Fujimura: EUV masks will require SRAFs, too. They don’t today at 7nm. SRAFs are necessary for smaller features. And, for 193i as well as for EUV, curvilinear masks are being considered now for improvements in wafer quality, particularly in resilience to manufacturing variation. But for EUV in particular, because of the reflective optics, curvilinear SRAFs are needed even more. Because multi-beam mask writing enables curvilinear mask shapes without a write time penalty, the enhanced wafer quality in the same mask write time is attractive.
SE: What are the big mask challenges going forward?
Fujimura: There are still many. EUV pellicles, affordable defect-free EUV mask blanks, high- NA EUV, and actinic or e-beam-based mask inspection — both in the mask shop and in the wafer shop for requalification — are all important areas for advancement. Now, the need to adopt curvilinear mask shapes has been widely acknowledged. Data processing, including compact and lossless data representation that is fast to write and read, is an important challenge. Optical proximity correction (OPC) and inverse lithography technology (ILT), which are needed to produce these curvilinear mask shapes to maximize wafer performance, need to run fast enough to be practical.
SE: What are the challenges in developing curvilinear shapes on masks?
Fujimura: There are two issues. Without multi-beam mask writers, producing masks with curvilinear shapes can be too expensive or may practically take too long to write. Second, controlling the mask variation is challenging. Once again, the reason you want curvilinear shapes on the mask is because wafer quality improves substantially. That is even more important for EUV than in 193nm immersion lithography. EUV masks are reflective. So, there is also a 6-degree incidence angle on EUV masks. And that creates more desire to have curvilinear shapes or SRAFs. They don’t print on wafer. They are printed on the mask in order to help decrease process variation on the wafer.
SE: What about ILT?
Fujimura: ILT is an advanced form of OPC that computes the desired mask shapes in order to maximize the quality of wafer lithography. Studies have shown that ILT — in particular, unconstrained curvilinear ILT — can produce the best results in terms of resilience to manufacturing variation. D2S and Micron recently presented a paper on the benefits of full-chip, curvilinear stitchless ILT with mask-wafer co-optimization for memory applications. This approach enabled more than a 2X improvement in process windows.
SE: Will AI play a big role in mask making?
Fujimura: Yes.
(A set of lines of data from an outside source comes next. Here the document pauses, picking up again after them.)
lemma orth_complement_proj:
  assumes V: "(V :: complex mat) \<in> carrier_mat n k" and VV: "mat_adjoint V * V = 1\<^sub>m k"
  defines "P \<equiv> 1\<^sub>m n - V * mat_adjoint V"
  shows "P \<in> carrier_mat n n" "hermitian P" "mat_adjoint V * P = 0\<^sub>m k n"
    "mtrace P = of_nat n - of_nat k"
    "\<And>y. y \<in> carrier_vec n \<Longrightarrow> mat_adjoint V *\<^sub>v y = 0\<^sub>v k \<Longrightarrow> P *\<^sub>v y = y"
proof -
  show P: "P \<in> carrier_mat n n" unfolding P_def using V by auto
  show "hermitian P" unfolding hermitian_def P_def using V by (simp add: mat_adjoint_minus mat_adjoint_mult)
  have "mat_adjoint V * P = mat_adjoint V * 1\<^sub>m n - mat_adjoint V * (V * mat_adjoint V)"
    unfolding P_def by (rule mult_minus_distrib_mat) (use V in auto)
  also have "mat_adjoint V * (V * mat_adjoint V) = mat_adjoint V * V * mat_adjoint V"
    by (rule assoc_mult_mat[symmetric]) (use V in auto)
  finally show "mat_adjoint V * P = 0\<^sub>m k n" using V VV by simp
  have "mtrace (V * mat_adjoint V) = mtrace (1\<^sub>m k :: complex mat)"
    using V VV mtrace_mult_comm[of V n k "mat_adjoint V"] by simp
  then show "mtrace P = of_nat n - of_nat k"
    unfolding P_def using V by (subst mtrace_minus[of _ n]) (auto simp: mtrace_def)
  show "P *\<^sub>v y = y" if "y \<in> carrier_vec n" "mat_adjoint V *\<^sub>v y = 0\<^sub>v k" for y
    using that V unfolding P_def
    by (simp add: minus_mult_distrib_mat_vec[of _ n n] assoc_mult_mat_vec[of _ n k _ n])
qed

text \<open>Apply the previous lemma to the projection \<open>P\<close> onto the orthogonal complement of the
  range of \<open>V\<close>: it is nonzero because its trace is \<open>n - k\<close>, and since \<open>A\<close> maps the range of \<open>V\<close>
  into itself, the compression \<open>P A P\<close> agrees with \<open>A\<close> on the range of \<open>P\<close>.\<close>
lemma hermitian_eigenvector_orth_complement:
  assumes A: "A \<in> carrier_mat n n" "hermitian A" and V: "V \<in> carrier_mat n k"
    and VV: "mat_adjoint V * V = 1\<^sub>m k" and AV: "A * V = V * D" and D: "D \<in> carrier_mat k k"
    and k: "k < n"
  obtains y \<mu> where "eigenvector A y \<mu>" "mat_adjoint V *\<^sub>v y = 0\<^sub>v k"
proof -
  define P where "P = 1\<^sub>m n - V * mat_adjoint V"
  note proj = orth_complement_proj[OF V VV, folded P_def]
  have "P \<noteq> 0\<^sub>m n n" using proj(4) k by (auto simp: mtrace_def)
  then obtain x \<mu> where x: "x \<in> carrier_vec n" and y0: "P *\<^sub>v x \<noteq> 0\<^sub>v n"
    and Ny: "(P * A * P) *\<^sub>v (P *\<^sub>v x) = \<mu> \<cdot>\<^sub>v (P *\<^sub>v x)"
    using hermitian_compression_eigenvector[OF A proj(1,2)] by blast
  define y where "y = P *\<^sub>v x"
  have yc: "y \<in> carrier_vec n" unfolding y_def using proj(1) x by simp
  have "mat_adjoint V *\<^sub>v y = (mat_adjoint V * P) *\<^sub>v x"
    unfolding y_def by (rule assoc_mult_mat_vec[symmetric]) (use V proj(1) x in auto)
  then have yV: "mat_adjoint V *\<^sub>v y = 0\<^sub>v k" using x by (simp add: proj(3))
  have "mat_adjoint V * A = mat_adjoint (A * V)"
    using A V by (simp add: mat_adjoint_mult hermitian_def)
  then have VA: "mat_adjoint V * A = mat_adjoint D * mat_adjoint V"
    using AV V D by (simp add: mat_adjoint_mult)
  have "mat_adjoint V *\<^sub>v (A *\<^sub>v y) = (mat_adjoint V * A) *\<^sub>v y"
    by (rule assoc_mult_mat_vec[symmetric]) (use A V yc in auto)
  also have "\<dots> = mat_adjoint D *\<^sub>v (mat_adjoint V *\<^sub>v y)"
    unfolding VA by (rule assoc_mult_mat_vec) (use D V yc in auto)
  finally have AyV: "mat_adjoint V *\<^sub>v (A *\<^sub>v y) = 0\<^sub>v k" using yV D by simp
  have "A *\<^sub>v y = (P * A * P) *\<^sub>v y"
    using A proj(1,5) yc yV AyV by (simp add: assoc_mult_mat_vec[of _ n n _ n])
  then have "A *\<^sub>v y = \<mu> \<cdot>\<^sub>v y" using Ny unfolding y_def by simp
  with yc y0 yV A show ?thesis by (intro that[of y \<mu>]) (auto simp: eigenvector_def y_def)
qed

lemma hermitian_orthonormal_eigenvectors:
  assumes A: "A \<in> carrier_mat n n" "hermitian A" and k: "k \<le> n"
  shows "\<exists>vs lam. length vs = k \<and> orthonormal n vs \<and>
    (\<forall>i<k. A *\<^sub>v vs ! i = complex_of_real (lam i) \<cdot>\<^sub>v vs ! i)"
  using k
proof (induction k)
  case 0
  show ?case by (intro exI[of _ "[]"]) (simp add: orthonormal_def)
next
  case (Suc k)
  then obtain vs lam where len: "length vs = k" and on: "orthonormal n vs"
    and eig: "\<forall>i<k. A *\<^sub>v vs ! i = complex_of_real (lam i) \<cdot>\<^sub>v vs ! i" by auto
  define V where "V = mat_of_cols n vs"
  have vs: "set vs \<subseteq> carrier_vec n" using on unfolding orthonormal_def by simp
  have V: "V \<in> carrier_mat n k" unfolding V_def len[symmetric] by simp
  have VV: "mat_adjoint V * V = 1\<^sub>m k"
    unfolding V_def len[symmetric] by (rule orthonormal_mat_of_cols[OF on])
  have AV: "A * V = V * real_diag k lam"
    unfolding V_def len[symmetric] by (rule mult_mat_of_cols_eigenvectors[OF A(1) vs]) (use eig len in auto)
  obtain y \<mu> where y: "eigenvector A y \<mu>" and yV: "mat_adjoint V *\<^sub>v y = 0\<^sub>v k"
    using hermitian_eigenvector_orth_complement[OF A V VV AV real_diag_carrier] Suc(2) by auto
  have yc: "y \<in> carrier_vec n" and y0: "y \<noteq> 0\<^sub>v n" and Ay: "A *\<^sub>v y = \<mu> \<cdot>\<^sub>v y"
    using y A(1) unfolding eigenvector_def by auto
  obtain c where "c \<noteq> 0" and u1: "(c \<cdot>\<^sub>v y) \<bullet>c (c \<cdot>\<^sub>v y) = 1"
    using normalize_vec[OF yc y0] .
  define u where "u = c \<cdot>\<^sub>v y"
  have uc: "u \<in> carrier_vec n" unfolding u_def using yc by simp
  have uu: "u \<bullet>c u = 1" unfolding u_def by (rule u1)
  have uo: "u \<bullet>c vs ! j = 0" if j: "j < length vs" for j
  proof -
    have vj: "vs ! j \<in> carrier_vec n" using vs j by auto
    have "y \<bullet>c vs ! j = 0"
      using yV j len unfolding V_def mat_adjoint_mat_of_cols_mult_vec[OF vs yc]
      by (metis index_vec index_zero_vec(1))
    then show ?thesis unfolding u_def using yc vj by (simp add: cscalar_prod_smult_left)
  qed
  have Au: "A *\<^sub>v u = complex_of_real (Re \<mu>) \<cdot>\<^sub>v u"
    using hermitian_eigenvalue_real[OF A y] Ay A(1) yc unfolding u_def
    by (simp add: mult_mat_vec smult_smult_assoc mult.commute)
  show ?case
  proof (intro exI[of _ "vs @ [u]"] exI[of _ "lam(k := Re \<mu>)"] conjI)
    show "length (vs @ [u]) = Suc k" using len by simp
    show "orthonormal n (vs @ [u])" by (rule orthonormal_append[OF on uc uu uo])
    show "\<forall>i<Suc k. A *\<^sub>v (vs @ [u]) ! i = complex_of_real ((lam(k := Re \<mu>)) i) \<cdot>\<^sub>v (vs @ [u]) ! i"
      using eig Au len by (auto simp: nth_append less_Suc_eq)
  qed
qed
In particular, with deep learning, the gap between a promising prototype and a production-level inference engine is very wide. While there was quite a bit of initial excitement over deep learning, the world still has not seen very much in production adoption of deep learning. A large amount of this comes from the need for data. In semiconductor manufacturing, data security is extremely important. So while a given manufacturer would have plenty of data of its own kind, a vendor of any given tool, whether software or equipment, has a difficult time getting enough customer data. Even for a manufacturer, creating new data — say, a SEM picture of a defect — can be difficult and time-consuming. Yet deep learning programming is programming with data, instead of writing new code. If a deep learning programmer wants to improve the success rate of an inference engine from 92% to 95%, that programmer needs to analyze the engine to see what types of data it needs to be additionally trained to make that improvement, then acquire many instances of that type of data, and then iterate. The only way this can be done efficiently and effectively is to have digital twins, a simulated environment that generates data instead of relying only on physical real sample data. Getting to 80% success rate can be done with thousands of collected real data. But getting to 95% success rate requires digital twins. It is the lack of this understanding that is preventing production deployment of deep learning in many potential areas. It is clear to me that many of the tedious and error-prone processes can benefit from deep learning. And it is also clear to me that acceleration of many computing tasks using deep learning will benefit the deployment of new software capabilities in the mask shop.